Filter the entries below down to the lines that hold "Context".

[Stored dataset items]

....................

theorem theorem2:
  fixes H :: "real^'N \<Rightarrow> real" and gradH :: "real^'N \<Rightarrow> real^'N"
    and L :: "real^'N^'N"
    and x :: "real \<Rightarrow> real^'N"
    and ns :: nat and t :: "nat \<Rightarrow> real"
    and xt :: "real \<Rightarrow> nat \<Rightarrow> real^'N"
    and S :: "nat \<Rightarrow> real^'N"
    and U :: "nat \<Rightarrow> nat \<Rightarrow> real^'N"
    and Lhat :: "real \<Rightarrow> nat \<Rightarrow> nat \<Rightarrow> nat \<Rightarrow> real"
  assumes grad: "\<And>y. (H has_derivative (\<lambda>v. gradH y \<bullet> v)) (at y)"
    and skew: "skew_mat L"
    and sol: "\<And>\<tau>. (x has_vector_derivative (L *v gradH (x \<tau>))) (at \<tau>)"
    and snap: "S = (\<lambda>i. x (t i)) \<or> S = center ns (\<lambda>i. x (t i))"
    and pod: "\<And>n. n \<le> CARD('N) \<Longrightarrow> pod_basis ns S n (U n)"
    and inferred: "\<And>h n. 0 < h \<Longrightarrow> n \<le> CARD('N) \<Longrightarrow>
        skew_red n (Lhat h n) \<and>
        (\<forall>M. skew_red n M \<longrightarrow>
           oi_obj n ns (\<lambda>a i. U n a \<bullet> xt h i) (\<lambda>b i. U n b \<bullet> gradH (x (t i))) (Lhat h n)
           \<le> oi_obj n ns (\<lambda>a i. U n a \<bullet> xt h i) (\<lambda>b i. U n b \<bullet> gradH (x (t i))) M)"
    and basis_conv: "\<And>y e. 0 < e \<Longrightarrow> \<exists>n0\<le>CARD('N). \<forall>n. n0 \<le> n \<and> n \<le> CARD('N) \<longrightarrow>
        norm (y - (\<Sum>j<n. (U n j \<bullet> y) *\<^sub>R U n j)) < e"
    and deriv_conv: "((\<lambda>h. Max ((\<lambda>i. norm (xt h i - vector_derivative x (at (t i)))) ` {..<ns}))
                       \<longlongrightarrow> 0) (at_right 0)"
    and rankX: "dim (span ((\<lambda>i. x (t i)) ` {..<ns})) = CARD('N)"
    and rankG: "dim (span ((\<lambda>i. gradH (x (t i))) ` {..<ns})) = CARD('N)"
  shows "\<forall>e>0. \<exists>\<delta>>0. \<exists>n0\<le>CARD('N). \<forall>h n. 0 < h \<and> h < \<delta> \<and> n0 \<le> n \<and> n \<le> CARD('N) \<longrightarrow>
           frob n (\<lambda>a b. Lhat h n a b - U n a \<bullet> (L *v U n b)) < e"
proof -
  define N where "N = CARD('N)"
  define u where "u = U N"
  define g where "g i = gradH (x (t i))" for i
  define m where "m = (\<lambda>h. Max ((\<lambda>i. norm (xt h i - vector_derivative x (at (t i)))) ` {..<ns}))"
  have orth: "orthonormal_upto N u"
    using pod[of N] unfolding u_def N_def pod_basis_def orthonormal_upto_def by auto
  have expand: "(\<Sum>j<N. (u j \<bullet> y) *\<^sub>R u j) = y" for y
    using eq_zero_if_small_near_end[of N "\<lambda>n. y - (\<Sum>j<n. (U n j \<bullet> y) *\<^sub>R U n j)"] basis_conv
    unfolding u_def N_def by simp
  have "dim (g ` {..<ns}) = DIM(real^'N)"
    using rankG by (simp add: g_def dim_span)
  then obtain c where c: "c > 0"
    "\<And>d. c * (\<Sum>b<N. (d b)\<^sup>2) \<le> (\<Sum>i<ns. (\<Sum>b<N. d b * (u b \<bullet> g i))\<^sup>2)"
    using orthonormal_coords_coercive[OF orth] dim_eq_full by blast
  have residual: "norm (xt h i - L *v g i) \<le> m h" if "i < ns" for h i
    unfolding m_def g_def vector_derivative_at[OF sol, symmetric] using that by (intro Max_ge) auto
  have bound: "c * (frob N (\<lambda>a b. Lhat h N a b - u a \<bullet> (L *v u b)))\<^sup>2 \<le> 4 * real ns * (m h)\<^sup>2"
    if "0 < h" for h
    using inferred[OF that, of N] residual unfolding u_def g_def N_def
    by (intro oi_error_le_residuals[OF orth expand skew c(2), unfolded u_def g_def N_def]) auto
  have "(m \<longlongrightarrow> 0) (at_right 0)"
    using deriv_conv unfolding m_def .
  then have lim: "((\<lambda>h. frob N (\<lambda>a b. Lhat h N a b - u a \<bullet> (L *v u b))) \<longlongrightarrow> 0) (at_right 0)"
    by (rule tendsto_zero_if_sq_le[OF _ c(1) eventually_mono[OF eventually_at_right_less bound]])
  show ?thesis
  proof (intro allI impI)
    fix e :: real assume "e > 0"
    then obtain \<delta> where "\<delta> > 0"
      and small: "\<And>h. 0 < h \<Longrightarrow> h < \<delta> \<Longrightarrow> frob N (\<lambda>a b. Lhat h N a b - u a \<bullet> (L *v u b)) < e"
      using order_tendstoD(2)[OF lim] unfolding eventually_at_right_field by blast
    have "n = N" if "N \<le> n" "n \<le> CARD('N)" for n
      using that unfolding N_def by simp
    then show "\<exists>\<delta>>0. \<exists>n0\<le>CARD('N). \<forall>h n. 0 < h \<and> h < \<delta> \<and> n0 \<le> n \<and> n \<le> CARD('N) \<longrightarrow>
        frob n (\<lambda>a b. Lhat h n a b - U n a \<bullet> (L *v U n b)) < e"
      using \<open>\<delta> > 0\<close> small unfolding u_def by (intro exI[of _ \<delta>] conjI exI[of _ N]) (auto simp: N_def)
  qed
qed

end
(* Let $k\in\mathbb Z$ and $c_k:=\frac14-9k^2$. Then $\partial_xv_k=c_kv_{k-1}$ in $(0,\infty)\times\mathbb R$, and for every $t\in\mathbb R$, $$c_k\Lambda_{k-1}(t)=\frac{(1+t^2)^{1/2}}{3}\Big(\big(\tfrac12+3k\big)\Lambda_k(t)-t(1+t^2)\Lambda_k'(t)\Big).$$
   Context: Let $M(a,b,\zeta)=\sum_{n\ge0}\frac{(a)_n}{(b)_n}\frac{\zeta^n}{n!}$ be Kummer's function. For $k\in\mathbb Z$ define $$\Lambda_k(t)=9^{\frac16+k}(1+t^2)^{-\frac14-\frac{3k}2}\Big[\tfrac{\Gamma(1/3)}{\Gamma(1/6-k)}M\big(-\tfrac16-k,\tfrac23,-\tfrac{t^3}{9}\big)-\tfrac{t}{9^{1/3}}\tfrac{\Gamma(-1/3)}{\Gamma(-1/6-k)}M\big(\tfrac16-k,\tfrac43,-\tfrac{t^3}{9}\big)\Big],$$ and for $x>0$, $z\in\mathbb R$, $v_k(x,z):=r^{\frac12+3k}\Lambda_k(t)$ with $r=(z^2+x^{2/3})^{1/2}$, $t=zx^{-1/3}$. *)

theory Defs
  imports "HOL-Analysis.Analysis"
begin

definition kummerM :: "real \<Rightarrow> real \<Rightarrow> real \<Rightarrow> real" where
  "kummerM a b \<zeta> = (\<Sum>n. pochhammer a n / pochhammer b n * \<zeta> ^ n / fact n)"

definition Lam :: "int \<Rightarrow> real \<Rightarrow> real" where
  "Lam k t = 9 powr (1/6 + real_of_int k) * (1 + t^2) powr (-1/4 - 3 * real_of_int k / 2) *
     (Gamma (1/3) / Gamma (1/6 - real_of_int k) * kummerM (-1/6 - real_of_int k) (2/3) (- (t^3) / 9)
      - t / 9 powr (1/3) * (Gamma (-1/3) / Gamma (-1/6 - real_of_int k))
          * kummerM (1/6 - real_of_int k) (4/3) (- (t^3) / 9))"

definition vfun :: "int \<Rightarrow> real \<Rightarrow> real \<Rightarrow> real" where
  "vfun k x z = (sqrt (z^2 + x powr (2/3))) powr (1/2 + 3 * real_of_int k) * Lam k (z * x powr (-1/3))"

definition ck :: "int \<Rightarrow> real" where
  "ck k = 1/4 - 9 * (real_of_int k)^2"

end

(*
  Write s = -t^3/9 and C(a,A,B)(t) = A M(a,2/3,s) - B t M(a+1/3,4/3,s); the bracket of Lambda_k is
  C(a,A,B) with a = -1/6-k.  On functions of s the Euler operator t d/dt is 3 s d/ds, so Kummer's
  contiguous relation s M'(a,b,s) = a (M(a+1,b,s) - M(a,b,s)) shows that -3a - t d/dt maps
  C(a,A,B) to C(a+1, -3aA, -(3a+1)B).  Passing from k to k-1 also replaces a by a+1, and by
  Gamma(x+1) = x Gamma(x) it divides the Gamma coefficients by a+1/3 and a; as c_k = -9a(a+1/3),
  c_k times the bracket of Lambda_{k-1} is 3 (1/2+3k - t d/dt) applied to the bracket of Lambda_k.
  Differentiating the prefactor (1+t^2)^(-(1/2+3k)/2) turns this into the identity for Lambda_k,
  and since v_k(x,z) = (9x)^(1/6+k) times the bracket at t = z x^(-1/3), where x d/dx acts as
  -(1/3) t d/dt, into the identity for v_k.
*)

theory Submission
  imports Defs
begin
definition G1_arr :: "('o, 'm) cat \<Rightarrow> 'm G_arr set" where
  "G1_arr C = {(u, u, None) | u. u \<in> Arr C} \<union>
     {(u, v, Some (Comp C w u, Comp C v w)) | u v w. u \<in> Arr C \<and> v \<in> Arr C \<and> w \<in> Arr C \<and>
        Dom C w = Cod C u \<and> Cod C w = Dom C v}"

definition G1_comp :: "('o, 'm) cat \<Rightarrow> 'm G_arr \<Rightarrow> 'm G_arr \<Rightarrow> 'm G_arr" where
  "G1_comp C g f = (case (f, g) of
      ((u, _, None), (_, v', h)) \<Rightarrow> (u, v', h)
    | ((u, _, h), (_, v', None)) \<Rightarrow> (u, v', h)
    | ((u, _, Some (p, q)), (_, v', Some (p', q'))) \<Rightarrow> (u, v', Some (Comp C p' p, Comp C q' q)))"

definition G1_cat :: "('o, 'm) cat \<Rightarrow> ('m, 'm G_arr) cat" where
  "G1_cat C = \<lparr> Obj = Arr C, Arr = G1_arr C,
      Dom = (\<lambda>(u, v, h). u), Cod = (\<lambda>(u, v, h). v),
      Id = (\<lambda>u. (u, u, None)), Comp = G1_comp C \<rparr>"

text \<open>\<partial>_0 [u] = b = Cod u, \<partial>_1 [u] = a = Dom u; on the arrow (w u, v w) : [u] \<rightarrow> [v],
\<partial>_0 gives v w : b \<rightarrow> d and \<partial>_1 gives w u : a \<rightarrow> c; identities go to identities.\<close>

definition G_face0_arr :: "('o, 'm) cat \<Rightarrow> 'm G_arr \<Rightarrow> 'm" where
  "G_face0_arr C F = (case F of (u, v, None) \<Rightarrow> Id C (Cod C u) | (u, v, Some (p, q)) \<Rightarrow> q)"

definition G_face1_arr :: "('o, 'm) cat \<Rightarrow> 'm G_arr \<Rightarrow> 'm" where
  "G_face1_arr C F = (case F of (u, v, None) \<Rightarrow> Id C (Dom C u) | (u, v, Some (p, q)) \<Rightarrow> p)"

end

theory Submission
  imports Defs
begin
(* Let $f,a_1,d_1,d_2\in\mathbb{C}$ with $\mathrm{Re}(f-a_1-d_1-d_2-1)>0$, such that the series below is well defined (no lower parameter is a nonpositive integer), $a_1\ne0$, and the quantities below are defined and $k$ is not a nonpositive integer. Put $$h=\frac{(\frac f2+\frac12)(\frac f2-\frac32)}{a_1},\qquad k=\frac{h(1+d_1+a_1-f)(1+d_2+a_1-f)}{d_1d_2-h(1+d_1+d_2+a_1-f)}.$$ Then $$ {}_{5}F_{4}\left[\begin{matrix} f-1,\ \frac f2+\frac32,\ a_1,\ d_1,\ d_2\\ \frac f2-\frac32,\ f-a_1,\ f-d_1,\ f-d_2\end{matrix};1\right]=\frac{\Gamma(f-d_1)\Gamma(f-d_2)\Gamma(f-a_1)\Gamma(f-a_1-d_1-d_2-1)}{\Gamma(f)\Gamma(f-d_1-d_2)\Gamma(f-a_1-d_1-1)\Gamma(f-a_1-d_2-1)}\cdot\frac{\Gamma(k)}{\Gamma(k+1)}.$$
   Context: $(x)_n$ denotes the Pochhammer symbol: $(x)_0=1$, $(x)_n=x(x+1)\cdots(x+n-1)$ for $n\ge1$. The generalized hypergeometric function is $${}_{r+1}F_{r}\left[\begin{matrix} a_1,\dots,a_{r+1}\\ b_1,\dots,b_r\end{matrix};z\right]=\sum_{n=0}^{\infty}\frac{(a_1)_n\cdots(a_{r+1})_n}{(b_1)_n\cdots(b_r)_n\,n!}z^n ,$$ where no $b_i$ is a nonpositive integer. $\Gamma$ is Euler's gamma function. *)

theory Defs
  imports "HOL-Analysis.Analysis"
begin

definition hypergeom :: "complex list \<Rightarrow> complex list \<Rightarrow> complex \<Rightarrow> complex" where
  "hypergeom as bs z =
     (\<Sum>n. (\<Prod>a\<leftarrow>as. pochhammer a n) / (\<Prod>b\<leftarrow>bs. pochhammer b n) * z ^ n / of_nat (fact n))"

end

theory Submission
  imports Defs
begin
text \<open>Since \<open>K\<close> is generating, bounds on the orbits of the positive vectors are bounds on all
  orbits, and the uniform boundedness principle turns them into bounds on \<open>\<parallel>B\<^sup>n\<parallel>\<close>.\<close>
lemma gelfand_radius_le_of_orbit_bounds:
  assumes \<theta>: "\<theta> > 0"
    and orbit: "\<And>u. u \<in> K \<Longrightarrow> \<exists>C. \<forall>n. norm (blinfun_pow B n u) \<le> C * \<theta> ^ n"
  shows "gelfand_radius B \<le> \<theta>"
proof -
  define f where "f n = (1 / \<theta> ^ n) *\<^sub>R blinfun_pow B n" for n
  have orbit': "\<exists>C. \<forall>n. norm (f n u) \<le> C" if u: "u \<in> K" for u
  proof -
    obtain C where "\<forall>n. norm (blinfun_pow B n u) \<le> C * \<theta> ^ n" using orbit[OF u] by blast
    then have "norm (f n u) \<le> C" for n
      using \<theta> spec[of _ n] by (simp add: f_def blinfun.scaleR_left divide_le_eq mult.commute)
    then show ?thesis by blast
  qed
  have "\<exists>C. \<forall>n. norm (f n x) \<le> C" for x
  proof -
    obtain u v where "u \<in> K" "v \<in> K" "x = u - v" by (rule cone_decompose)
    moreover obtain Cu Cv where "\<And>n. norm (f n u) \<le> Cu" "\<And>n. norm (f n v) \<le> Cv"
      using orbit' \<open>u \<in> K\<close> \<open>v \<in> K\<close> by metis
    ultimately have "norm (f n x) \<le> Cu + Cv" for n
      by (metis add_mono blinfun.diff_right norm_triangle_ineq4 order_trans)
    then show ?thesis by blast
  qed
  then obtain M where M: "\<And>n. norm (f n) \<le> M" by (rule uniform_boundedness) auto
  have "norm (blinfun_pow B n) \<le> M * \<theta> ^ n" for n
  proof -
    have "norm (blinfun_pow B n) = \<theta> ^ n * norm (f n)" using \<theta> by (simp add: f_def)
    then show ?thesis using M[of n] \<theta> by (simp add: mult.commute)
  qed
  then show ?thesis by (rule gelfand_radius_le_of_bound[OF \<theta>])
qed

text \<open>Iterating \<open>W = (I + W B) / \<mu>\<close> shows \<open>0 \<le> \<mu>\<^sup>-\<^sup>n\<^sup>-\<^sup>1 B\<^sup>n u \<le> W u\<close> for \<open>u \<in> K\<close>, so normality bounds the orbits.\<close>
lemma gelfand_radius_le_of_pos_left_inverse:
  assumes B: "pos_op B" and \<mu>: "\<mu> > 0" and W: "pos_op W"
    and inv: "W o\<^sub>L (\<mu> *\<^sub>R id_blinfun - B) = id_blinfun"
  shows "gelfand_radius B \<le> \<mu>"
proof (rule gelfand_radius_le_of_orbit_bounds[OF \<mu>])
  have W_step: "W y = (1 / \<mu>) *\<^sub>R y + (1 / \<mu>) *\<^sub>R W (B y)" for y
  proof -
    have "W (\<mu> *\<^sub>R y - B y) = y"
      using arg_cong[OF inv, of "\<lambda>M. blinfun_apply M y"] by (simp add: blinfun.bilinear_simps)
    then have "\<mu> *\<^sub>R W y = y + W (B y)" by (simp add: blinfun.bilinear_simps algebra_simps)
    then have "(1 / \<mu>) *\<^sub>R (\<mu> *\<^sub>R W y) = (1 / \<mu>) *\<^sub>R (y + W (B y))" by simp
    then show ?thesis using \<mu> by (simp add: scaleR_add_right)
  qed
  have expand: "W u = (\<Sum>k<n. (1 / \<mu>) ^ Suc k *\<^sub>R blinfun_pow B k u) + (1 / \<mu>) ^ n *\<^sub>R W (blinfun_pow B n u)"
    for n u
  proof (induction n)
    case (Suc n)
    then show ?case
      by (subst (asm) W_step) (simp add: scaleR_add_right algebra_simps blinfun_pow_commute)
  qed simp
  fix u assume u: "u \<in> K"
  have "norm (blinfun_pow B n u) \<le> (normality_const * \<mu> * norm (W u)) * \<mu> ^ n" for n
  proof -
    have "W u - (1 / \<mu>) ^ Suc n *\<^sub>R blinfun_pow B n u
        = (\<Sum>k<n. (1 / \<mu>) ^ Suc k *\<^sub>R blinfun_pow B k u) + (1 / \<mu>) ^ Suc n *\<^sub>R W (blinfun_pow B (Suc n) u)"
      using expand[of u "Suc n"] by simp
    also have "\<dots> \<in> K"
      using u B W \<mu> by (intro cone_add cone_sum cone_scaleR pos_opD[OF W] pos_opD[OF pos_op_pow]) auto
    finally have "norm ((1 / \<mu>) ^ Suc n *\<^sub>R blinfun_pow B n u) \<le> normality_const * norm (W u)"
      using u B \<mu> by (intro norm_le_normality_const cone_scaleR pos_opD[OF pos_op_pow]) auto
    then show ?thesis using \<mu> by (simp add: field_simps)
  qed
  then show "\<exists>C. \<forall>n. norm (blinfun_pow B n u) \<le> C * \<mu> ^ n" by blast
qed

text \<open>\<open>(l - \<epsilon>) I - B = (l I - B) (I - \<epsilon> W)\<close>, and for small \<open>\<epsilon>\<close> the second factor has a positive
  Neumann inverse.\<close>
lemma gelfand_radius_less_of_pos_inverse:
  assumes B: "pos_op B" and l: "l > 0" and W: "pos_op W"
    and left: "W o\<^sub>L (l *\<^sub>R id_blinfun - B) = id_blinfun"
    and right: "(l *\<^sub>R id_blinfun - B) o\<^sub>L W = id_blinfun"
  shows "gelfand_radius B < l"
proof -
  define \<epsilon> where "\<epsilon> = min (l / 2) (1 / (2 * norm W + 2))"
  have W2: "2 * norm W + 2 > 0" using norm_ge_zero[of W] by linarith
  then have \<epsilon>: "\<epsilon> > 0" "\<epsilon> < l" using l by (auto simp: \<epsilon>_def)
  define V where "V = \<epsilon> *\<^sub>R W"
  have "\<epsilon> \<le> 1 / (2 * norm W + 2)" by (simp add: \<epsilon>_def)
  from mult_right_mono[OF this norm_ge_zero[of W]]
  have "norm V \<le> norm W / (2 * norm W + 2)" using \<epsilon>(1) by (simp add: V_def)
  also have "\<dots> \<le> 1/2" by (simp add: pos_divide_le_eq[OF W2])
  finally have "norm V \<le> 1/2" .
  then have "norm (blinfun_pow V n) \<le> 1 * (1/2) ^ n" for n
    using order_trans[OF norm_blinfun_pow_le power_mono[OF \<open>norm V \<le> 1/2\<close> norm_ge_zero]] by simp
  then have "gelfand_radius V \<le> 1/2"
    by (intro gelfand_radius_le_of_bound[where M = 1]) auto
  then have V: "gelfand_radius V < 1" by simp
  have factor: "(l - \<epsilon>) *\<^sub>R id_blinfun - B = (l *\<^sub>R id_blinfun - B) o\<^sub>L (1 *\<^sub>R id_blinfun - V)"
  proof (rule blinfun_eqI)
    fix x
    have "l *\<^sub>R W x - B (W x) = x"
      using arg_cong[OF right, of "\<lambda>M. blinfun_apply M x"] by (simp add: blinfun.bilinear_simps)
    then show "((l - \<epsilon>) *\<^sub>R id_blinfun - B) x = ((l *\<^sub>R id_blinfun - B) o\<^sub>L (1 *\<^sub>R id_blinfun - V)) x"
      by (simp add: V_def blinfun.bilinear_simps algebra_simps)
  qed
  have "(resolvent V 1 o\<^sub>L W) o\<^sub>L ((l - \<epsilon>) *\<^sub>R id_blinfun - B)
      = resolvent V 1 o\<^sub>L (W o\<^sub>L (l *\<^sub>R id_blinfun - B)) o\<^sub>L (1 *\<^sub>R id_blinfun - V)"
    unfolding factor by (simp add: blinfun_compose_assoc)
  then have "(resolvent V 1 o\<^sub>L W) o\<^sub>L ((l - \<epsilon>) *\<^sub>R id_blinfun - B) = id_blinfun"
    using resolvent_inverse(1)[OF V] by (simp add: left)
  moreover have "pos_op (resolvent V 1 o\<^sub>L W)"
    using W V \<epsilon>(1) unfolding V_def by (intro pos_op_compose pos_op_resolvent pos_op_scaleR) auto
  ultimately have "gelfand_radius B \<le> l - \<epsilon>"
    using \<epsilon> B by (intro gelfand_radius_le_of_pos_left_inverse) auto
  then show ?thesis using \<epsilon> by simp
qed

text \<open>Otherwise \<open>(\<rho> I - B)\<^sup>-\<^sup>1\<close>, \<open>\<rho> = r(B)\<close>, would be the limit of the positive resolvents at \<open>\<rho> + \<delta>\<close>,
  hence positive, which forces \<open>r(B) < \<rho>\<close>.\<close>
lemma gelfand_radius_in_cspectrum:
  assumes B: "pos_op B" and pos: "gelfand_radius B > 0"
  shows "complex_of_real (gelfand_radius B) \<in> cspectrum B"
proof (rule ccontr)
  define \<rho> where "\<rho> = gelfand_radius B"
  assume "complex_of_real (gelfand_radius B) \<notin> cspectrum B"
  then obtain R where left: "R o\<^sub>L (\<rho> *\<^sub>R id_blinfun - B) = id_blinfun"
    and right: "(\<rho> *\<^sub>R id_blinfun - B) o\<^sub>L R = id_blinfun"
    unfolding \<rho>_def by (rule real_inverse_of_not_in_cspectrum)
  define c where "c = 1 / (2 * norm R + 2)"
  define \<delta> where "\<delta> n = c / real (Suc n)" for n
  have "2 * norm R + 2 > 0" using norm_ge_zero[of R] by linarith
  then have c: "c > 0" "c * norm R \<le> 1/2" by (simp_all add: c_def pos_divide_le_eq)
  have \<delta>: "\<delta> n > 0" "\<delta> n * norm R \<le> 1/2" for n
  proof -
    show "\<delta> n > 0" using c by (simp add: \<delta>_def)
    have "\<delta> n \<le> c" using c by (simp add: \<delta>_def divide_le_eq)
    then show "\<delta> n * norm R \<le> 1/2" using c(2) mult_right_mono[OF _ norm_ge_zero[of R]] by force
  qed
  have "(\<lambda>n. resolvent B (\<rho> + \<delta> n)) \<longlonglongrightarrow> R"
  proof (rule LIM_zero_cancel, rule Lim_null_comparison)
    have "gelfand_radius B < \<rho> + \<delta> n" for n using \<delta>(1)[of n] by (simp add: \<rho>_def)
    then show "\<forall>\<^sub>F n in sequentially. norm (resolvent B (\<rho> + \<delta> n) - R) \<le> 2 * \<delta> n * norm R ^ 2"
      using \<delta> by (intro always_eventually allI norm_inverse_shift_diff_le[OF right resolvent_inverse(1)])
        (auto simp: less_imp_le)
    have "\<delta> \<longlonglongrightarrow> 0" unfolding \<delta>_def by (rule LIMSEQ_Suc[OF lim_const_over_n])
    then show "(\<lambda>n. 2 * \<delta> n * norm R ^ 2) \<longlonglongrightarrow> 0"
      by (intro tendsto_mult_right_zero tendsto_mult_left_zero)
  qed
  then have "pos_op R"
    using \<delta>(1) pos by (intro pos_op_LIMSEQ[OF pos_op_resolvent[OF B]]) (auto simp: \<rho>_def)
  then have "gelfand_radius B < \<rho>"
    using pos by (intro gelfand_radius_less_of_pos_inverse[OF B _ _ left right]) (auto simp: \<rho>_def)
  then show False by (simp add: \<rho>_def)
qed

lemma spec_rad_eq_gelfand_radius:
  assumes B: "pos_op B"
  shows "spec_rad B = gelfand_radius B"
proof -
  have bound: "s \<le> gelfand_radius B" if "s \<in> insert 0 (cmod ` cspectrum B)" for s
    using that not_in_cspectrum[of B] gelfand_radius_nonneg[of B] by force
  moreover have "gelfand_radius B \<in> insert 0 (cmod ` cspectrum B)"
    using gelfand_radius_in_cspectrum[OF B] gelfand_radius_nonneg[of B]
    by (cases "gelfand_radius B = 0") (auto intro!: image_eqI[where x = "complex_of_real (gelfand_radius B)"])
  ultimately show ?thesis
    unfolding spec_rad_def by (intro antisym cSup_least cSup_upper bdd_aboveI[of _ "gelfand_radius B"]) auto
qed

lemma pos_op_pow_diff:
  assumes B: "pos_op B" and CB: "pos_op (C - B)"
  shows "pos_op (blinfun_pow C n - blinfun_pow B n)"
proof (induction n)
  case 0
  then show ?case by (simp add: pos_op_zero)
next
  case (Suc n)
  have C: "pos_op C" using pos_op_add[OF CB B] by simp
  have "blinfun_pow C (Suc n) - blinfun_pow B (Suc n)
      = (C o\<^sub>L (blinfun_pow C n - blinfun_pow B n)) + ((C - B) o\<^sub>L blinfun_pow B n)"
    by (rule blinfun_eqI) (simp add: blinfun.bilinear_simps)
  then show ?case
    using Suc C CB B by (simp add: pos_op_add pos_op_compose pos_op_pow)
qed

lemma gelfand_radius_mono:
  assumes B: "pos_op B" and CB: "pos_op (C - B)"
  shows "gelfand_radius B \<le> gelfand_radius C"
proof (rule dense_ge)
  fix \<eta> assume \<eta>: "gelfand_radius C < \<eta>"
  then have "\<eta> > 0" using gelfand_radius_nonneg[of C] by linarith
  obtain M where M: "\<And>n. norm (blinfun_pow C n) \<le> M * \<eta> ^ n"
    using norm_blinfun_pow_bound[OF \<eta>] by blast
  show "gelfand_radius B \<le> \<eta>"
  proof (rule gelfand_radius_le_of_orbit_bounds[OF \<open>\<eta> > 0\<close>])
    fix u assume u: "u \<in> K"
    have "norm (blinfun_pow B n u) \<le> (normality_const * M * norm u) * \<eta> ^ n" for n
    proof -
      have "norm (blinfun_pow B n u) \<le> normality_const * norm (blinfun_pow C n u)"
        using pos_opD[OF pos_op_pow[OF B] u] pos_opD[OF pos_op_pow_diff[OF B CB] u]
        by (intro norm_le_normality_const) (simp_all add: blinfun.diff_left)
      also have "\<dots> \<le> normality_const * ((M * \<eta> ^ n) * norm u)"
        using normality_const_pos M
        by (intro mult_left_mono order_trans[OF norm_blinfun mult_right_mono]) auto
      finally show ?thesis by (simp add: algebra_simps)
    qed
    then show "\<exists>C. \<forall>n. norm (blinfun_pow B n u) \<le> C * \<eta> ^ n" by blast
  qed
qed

....................

» Response box:
   Context: Let $M(a,b,\zeta)=\sum_{n\ge0}\frac{(a)_n}{(b)_n}\frac{\zeta^n}{n!}$ be Kummer's function. For $k\in\mathbb Z$ define $$\Lambda_k(t)=9^{\frac16+k}(1+t^2)^{-\frac14-\frac{3k}2}\Big[\tfrac{\Gamma(1/3)}{\Gamma(1/6-k)}M\big(-\tfrac16-k,\tfrac23,-\tfrac{t^3}{9}\big)-\tfrac{t}{9^{1/3}}\tfrac{\Gamma(-1/3)}{\Gamma(-1/6-k)}M\big(\tfrac16-k,\tfrac43,-\tfrac{t^3}{9}\big)\Big],$$ and for $x>0$, $z\in\mathbb R$, $v_k(x,z):=r^{\frac12+3k}\Lambda_k(t)$ with $r=(z^2+x^{2/3})^{1/2}$, $t=zx^{-1/3}$. *)
   Context: $(x)_n$ denotes the Pochhammer symbol: $(x)_0=1$, $(x)_n=x(x+1)\cdots(x+n-1)$ for $n\ge1$. The generalized hypergeometric function is $${}_{r+1}F_{r}\left[\begin{matrix} a_1,\dots,a_{r+1}\\ b_1,\dots,b_r\end{matrix};z\right]=\sum_{n=0}^{\infty}\frac{(a_1)_n\cdots(a_{r+1})_n}{(b_1)_n\cdots(b_r)_n\,n!}z^n ,$$ where no $b_i$ is a nonpositive integer. $\Gamma$ is Euler's gamma function. *)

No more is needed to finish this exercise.